It will not hurt you but you wont see much of a gain until you get more supporting mods. It will need a tune also


----------



## msclhed79 (Jul 14, 2010)

Don't want to thread-jack but I have a similar question but with some differen factors. Right now I'm running a ported stock intake on my '05. However I do already have 225cc heads, built fuel system, cam, custom manifold/catless exhaust, and twin Garrett gt32r turbos. 
Would upsizing the intake manifold do more harm than good to my power output? I'm thinking it would cause the turbos to spool up higher in the rpm range (they hit at 3k now) or possibly run outta breath trying to flow more air. 

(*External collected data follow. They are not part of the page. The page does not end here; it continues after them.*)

lemma ex_coupling_mu_A_mu_B:
  assumes wd: "wdhypergraph V H w" and ll: "loopless H" and sc: "strongly_connected V H"
    and "card V \<ge> 2" and "h \<in> H" and "\<alpha> \<in> {0..1}"
  shows "\<exists>\<pi>. coupling V (mu_A H w \<alpha> h) (mu_B H w \<alpha> h) \<pi>"
proof -
  note edges = strongly_connected_in_out_edges[OF sc \<open>card V \<ge> 2\<close>]
  have "0 \<le> mu_A H w \<alpha> h z" "0 \<le> mu_B H w \<alpha> h z" for z
    using \<open>\<alpha> \<in> {0..1}\<close> mu_A_nonneg[OF wd] mu_A_nonneg[OF wdhypergraph_swap[OF wd]]
    by (auto simp: mu_B_eq_mu_A_swap)
  moreover have "(\<Sum>z\<in>V. mu_A H w \<alpha> h z) = 1"
    using sum_mu_A[OF wd ll \<open>h \<in> H\<close>] edges(1) by blast
  moreover have "(\<Sum>z\<in>V. mu_B H w \<alpha> h z) = 1"
    using sum_mu_A[OF wdhypergraph_swap[OF wd] loopless_swap[OF ll]] edges(2) \<open>h \<in> H\<close>
    by (auto simp: mu_B_eq_mu_A_swap)
  ultimately show ?thesis
    using coupling_product by blast
qed

theorem mainTheorem5:
  fixes V :: "'v set" and H :: "'v hedge set" and w :: "'v hedge \<Rightarrow> real" and h :: "'v hedge"
  assumes "wdhypergraph V H w"
    and "loopless H"
    and "strongly_connected V H"
    and "card V \<ge> 2"
    and "h \<in> H"
  shows "concave_on {0..1} (\<lambda>\<alpha>. kappa V H w \<alpha> h)"
proof -
  note wd = assms(1) and sc = assms(3)
  have "convex_on {0..1} (\<lambda>\<alpha>. wasserstein V H w (mu_A H w \<alpha> h) (mu_B H w \<alpha> h))"
    using qdist_nonneg[OF wd sc] ex_coupling_mu_A_mu_B[OF assms]
    by (intro convex_on_wasserstein_affine_path) (auto simp: mu_A_mix mu_B_eq_mu_A_swap)
  then have "convex_on {0..1}
      (\<lambda>\<alpha>. wasserstein V H w (mu_A H w \<alpha> h) (mu_B H w \<alpha> h) / Lh H w h)"
    using Lh_nonneg[OF wd sc \<open>h \<in> H\<close>] by (rule convex_on_cdiv[rotated])
  then show ?thesis
    unfolding kappa_def by (intro concave_on_diff) (auto simp: concave_on_const)
qed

Eventually I want to replace all of the internals and go with the forged 6.6L stroker setup. In that case I'm sure I will have to bump up the intake and turbos. Wondering if I can do it a piece at a time of if this needs to be an all-at-once upgrade. 

Thoughts???


----------



## svede1212 (Nov 1, 2005)

FI isn't going to see the benefits of a FAST like a NA car would


----------



## msclhed79 (Jul 14, 2010)

Guess I should have looked other places before just wildly posting questions (such a noob). Anyways, looks like th gains on NA and FI engines should be pretty close according to the guys at GM high performance. 

Good article to give a read if you get the chance. 
Budget LS1 Turbo Kit Test - Testing Cam and Intake Upgrades on NA and Turbo LS Combos - GM High-Tech Performance Magazine


----------



## svede1212 (Nov 1, 2005)

Well I read the question as bang for the buck and you will be comparing the FAST to your ported intake. Will you get some gains, ya but the gains over your ported intake will be little for the grand you spend. A grand would be a lot better off spent on the inevitable drive train upgrades that will be needed. Add up the drive shaft, half shafts, motor mounts and stubs with needed suspension parts and you better budget 3-4 grand for that.


----------



## GM4life (Mar 18, 2007)

msclhed79 said:


> Don't want to thread-jack but I have a similar question but with some differen factors. Right now I'm running a ported stock intake on my '05. However I do already have 225cc heads, built fuel system, cam, custom manifold/catless exhaust, and twin Garrett gt32r turbos.
> Would upsizing the intake manifold do more harm than good to my power output? I'm thinking it would cause the turbos to spool up higher in the rpm range (they hit at 3k now) or possibly run outta breath trying to flow more air.
> 
> Eventually I want to replace all of the internals and go with the forged 6.6L stroker setup. In that case I'm sure I will have to bump up the intake and turbos. Wondering if I can do it a piece at a time of if this needs to be an all-at-once upgrade.
> ...


Stock intake works just fine. FI pressure negates the plenum volume and runner design. Most 1000hp FI engines still use stock intakes.


----------



## msclhed79 (Jul 14, 2010)

Yeah I can see what you are saying about "bang for the buck" but wherethe car sits right now it's gonna be costly no matter which route I take for added power. I already have half shafts and a full pedders track II suspension and a mini tub with 315s in the back. Had a bad experience with the driveshaft tho. Kept causing a leak in the tranny, had it worked over and reinstalled a couple times with no luck. Oh well, what are patchable for right?

The main reason I figured the added size for the intake would be beneficial would be to free up the airflow and cut down on turbulence, but I guess if it's pressurized then it really shouldn't be too much of a problem. Thanks for the info.


----------